text \<open>Two \<open>'k\<close>-linear operators \<open>D, W\<close> such that \<open>D y\<close> is a nonpositive integer multiple of
  \<open>W y\<close> on the level set \<open>G (W y) = 1\<close>: the integer does not change along directions in
  the kernel of \<open>G \<circ> W\<close>, since it depends affinely on the position on such a line.\<close>
lemma integer_multiple_kernel_direction:
  assumes D: "linop sc D" and W: "linop sc W" and G: "scalar_functional sc G"
    and level: "\<And>y. G (W y) = 1 \<Longrightarrow> \<exists>n::nat. D y = - real n *\<^sub>R W y"
    and y: "G (W y) = 1" and h: "G (W h) = 0"
  shows "G (D h) = 0"
proof -
  note linD = linop_linear[OF D] and linW = linop_linear[OF W]
  note G_lin = scalar_functional_real_linear[OF G] scalar_functional_add[OF G]
  have on_line: "\<exists>n::nat. G (D (y + t *\<^sub>R h)) = - of_nat n" for t
  proof -
    have "G (W (y + t *\<^sub>R h)) = 1" using y h by (simp add: linear_add[OF linW] linear_scale[OF linW] G_lin)
    then obtain n :: nat where "D (y + t *\<^sub>R h) = - real n *\<^sub>R W (y + t *\<^sub>R h)" using level by blast
    with \<open>G (W (y + t *\<^sub>R h)) = 1\<close> show ?thesis by (auto simp: G_lin)
  qed
  have affine: "G (D (y + t *\<^sub>R h)) = G (D y) + of_real t * G (D h)" for t
    by (simp add: linear_add[OF linD] linear_scale[OF linD] G_lin)
  obtain n0 n1 :: nat where n0: "G (D y) = - of_nat n0" and n1: "G (D (y + 1 *\<^sub>R h)) = - of_nat n1"
    using on_line[of 0] on_line[of 1] by auto
  define q where "q = real n0 - real n1"
  have Dh: "G (D h) = of_real q" using affine[of 1] n0 n1 unfolding q_def by (simp add: algebra_simps)
  show ?thesis
  proof (rule ccontr)
    assume "G (D h) \<noteq> 0"
    then have q: "q \<noteq> 0" using Dh by simp
    obtain n :: nat where "G (D (y + (1 / (2 * q)) *\<^sub>R h)) = - of_nat n" using on_line by blast
    then have "(of_real (- real n) :: 'k) = of_real (- real n0 + 1 / 2)"
      using affine[of "1 / (2 * q)"] n0 Dh q by (simp add: field_simps)
    then have "real (2 * n0) = real (2 * n + 1)" by (simp only: of_real_eq_iff)
    then have "2 * n0 = 2 * n + 1" by (simp only: of_nat_eq_iff)
    then show False by presburger
  qed
qed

☆ ☆ ☆ ☆ ☆ ☆ ☆

*What is required*
Go through the data above and tally every line that includes "linD". State only the total.

*Task answer*
2